(* Let $F$ be a number field, $D$ a quaternion $F$-algebra, $\mathcal O$ an $O_F$-order in $D$, $K$ a maximal subfield of $D$, and $B=K\cap\mathcal O$. Let $\mathfrak b$ be a locally principal integral ideal of $B$. Then $\mathfrak b$ is a primitive $B$-ideal if and only if $\mathfrak b\mathcal O$ is a primitive right $\mathcal O$-ideal.
   Context: For an $O_F$-order $\Lambda$ in a simple $F$-algebra and a finite place $\mathfrak p$, a fractional right $\Lambda_{\mathfrak p}$-ideal is primitive if it is integral, principal, and not contained in $\mathfrak p\Lambda_{\mathfrak p}$; a fractional right $\Lambda$-ideal $L$ is primitive if $L_{\mathfrak p}$ is primitive for every finite place $\mathfrak p$. *)

theory Defs
  imports Main
begin

text \<open>Ambient setting: the quaternion algebra D is the whole carrier of a type
  'a of class ring_1; the number field F, its ring of integers, orders, lattices
  and ideals are subsets of this type.\<close>

definition subfield :: "'a::ring_1 set \<Rightarrow> bool" where
  "subfield S \<longleftrightarrow> (0::'a) \<noteq> 1 \<and> 0 \<in> S \<and> 1 \<in> S \<and>
     (\<forall>x\<in>S. \<forall>y\<in>S. x + y \<in> S \<and> x - y \<in> S \<and> x * y \<in> S \<and> x * y = y * x) \<and>
     (\<forall>x\<in>S. x \<noteq> 0 \<longrightarrow> (\<exists>y\<in>S. x * y = 1))"

definition number_field :: "'a::ring_1 set \<Rightarrow> bool" where
  "number_field F \<longleftrightarrow> subfield F \<and> (\<forall>n::nat. n > 0 \<longrightarrow> of_nat n \<noteq> (0::'a)) \<and>
     (\<exists>S. finite S \<and> S \<subseteq> F \<and>
        (\<forall>x\<in>F. \<exists>n::int. n \<noteq> 0 \<and> (\<exists>c::'a \<Rightarrow> int. of_int n * x = (\<Sum>s\<in>S. of_int (c s) * s))))"

definition ring_of_integers :: "'a::ring_1 set \<Rightarrow> 'a set" where
  "ring_of_integers F = {x \<in> F. \<exists>(n::nat) (c::nat \<Rightarrow> int). x ^ n + (\<Sum>i<n. of_int (c i) * x ^ i) = 0}"

definition finite_place :: "'a::ring_1 set \<Rightarrow> 'a set \<Rightarrow> bool" where
  "finite_place F p \<longleftrightarrow> p \<subseteq> ring_of_integers F \<and> 0 \<in> p \<and>
     (\<forall>x\<in>p. \<forall>y\<in>p. x + y \<in> p) \<and> (\<forall>a\<in>ring_of_integers F. \<forall>x\<in>p. a * x \<in> p) \<and>
     p \<noteq> {0} \<and> p \<noteq> ring_of_integers F \<and>
     (\<forall>a\<in>ring_of_integers F. \<forall>b\<in>ring_of_integers F. a * b \<in> p \<longrightarrow> a \<in> p \<or> b \<in> p)"

definition loc :: "'a::ring_1 set \<Rightarrow> 'a set \<Rightarrow> 'a set \<Rightarrow> 'a set" where
  "loc F p X = {y. \<exists>s \<in> ring_of_integers F - p. s * y \<in> X}"

definition setmul :: "'a::ring_1 set \<Rightarrow> 'a set \<Rightarrow> 'a set" where
  "setmul X Y = {x * y | x y. x \<in> X \<and> y \<in> Y}"

definition addgen :: "'a::ring_1 set \<Rightarrow> 'a set" where
  "addgen X = {sum_list xs | xs. set xs \<subseteq> X}"

definition iprod :: "'a::ring_1 set \<Rightarrow> 'a set \<Rightarrow> 'a set" where
  "iprod X Y = addgen (setmul X Y)"

definition lattice :: "'a::ring_1 set \<Rightarrow> 'a set \<Rightarrow> 'a set \<Rightarrow> bool" where
  "lattice F V L \<longleftrightarrow> L \<subseteq> V \<and> 0 \<in> L \<and> (\<forall>x\<in>L. \<forall>y\<in>L. x + y \<in> L) \<and>
     (\<forall>a\<in>ring_of_integers F. \<forall>x\<in>L. a * x \<in> L) \<and>
     (\<exists>G. finite G \<and> G \<subseteq> L \<and>
        (\<forall>x\<in>L. \<exists>c. (\<forall>g\<in>G. c g \<in> ring_of_integers F) \<and> x = (\<Sum>g\<in>G. c g * g))) \<and>
     (\<forall>v\<in>V. \<exists>n::int. n \<noteq> 0 \<and> of_int n * v \<in> L)"

definition is_order :: "'a::ring_1 set \<Rightarrow> 'a set \<Rightarrow> 'a set \<Rightarrow> bool" where
  "is_order F A \<Lambda> \<longleftrightarrow> lattice F A \<Lambda> \<and> 1 \<in> \<Lambda> \<and> (\<forall>x\<in>\<Lambda>. \<forall>y\<in>\<Lambda>. x * y \<in> \<Lambda>)"

definition frac_right_ideal :: "'a::ring_1 set \<Rightarrow> 'a set \<Rightarrow> 'a set \<Rightarrow> 'a set \<Rightarrow> bool" where
  "frac_right_ideal F A \<Lambda> L \<longleftrightarrow> lattice F A L \<and> setmul L \<Lambda> \<subseteq> L"

definition locally_principal :: "'a::ring_1 set \<Rightarrow> 'a set \<Rightarrow> 'a set \<Rightarrow> 'a set \<Rightarrow> bool" where
  "locally_principal F A \<Lambda> L \<longleftrightarrow>
     (\<forall>p. finite_place F p \<longrightarrow> (\<exists>x\<in>A. loc F p L = setmul {x} (loc F p \<Lambda>)))"

definition loc_primitive :: "'a::ring_1 set \<Rightarrow> 'a set \<Rightarrow> 'a set \<Rightarrow> 'a set \<Rightarrow> 'a set \<Rightarrow> bool" where
  "loc_primitive F A p \<Lambda> L \<longleftrightarrow>
     loc F p L \<subseteq> loc F p \<Lambda> \<and>
     (\<exists>x\<in>A. loc F p L = setmul {x} (loc F p \<Lambda>)) \<and>
     \<not> (loc F p L \<subseteq> iprod p (loc F p \<Lambda>))"

definition primitive :: "'a::ring_1 set \<Rightarrow> 'a set \<Rightarrow> 'a set \<Rightarrow> 'a set \<Rightarrow> bool" where
  "primitive F A \<Lambda> L \<longleftrightarrow> frac_right_ideal F A \<Lambda> L \<and>
     (\<forall>p. finite_place F p \<longrightarrow> loc_primitive F A p \<Lambda> L)"

definition center :: "'a::ring_1 set" where
  "center = {z. \<forall>y. z * y = y * z}"

definition quaternion_algebra :: "'a::ring_1 set \<Rightarrow> bool" where
  "quaternion_algebra F \<longleftrightarrow> center = F \<and>
     (\<forall>I::'a set. (0 \<in> I \<and> (\<forall>x\<in>I. \<forall>y\<in>I. x - y \<in> I) \<and> (\<forall>x\<in>I. \<forall>y. x * y \<in> I \<and> y * x \<in> I))
        \<longrightarrow> I = {0} \<or> I = UNIV) \<and>
     (\<exists>e::nat \<Rightarrow> 'a.
        (\<forall>c. (\<forall>i<4. c i \<in> F) \<and> (\<Sum>i<4. c i * e i) = 0 \<longrightarrow> (\<forall>i<4. c i = 0)) \<and>
        (\<forall>x. \<exists>c. (\<forall>i<4. c i \<in> F) \<and> x = (\<Sum>i<4. c i * e i)))"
********************
**WHAT THE TASK ASKS:** In the data above, find the line with "1 \<in> S \<and>" and the line with "(\<forall>x\<in>S. \<forall>y\<in>S. x". Retype both, plus every line between them, exactly.

**SOLUTION FOR THIS EXERCISE:**
  "subfield S \<longleftrightarrow> (0::'a) \<noteq> 1 \<and> 0 \<in> S \<and> 1 \<in> S \<and>
     (\<forall>x\<in>S. \<forall>y\<in>S. x + y \<in> S \<and> x - y \<in> S \<and> x * y \<in> S \<and> x * y = y * x) \<and>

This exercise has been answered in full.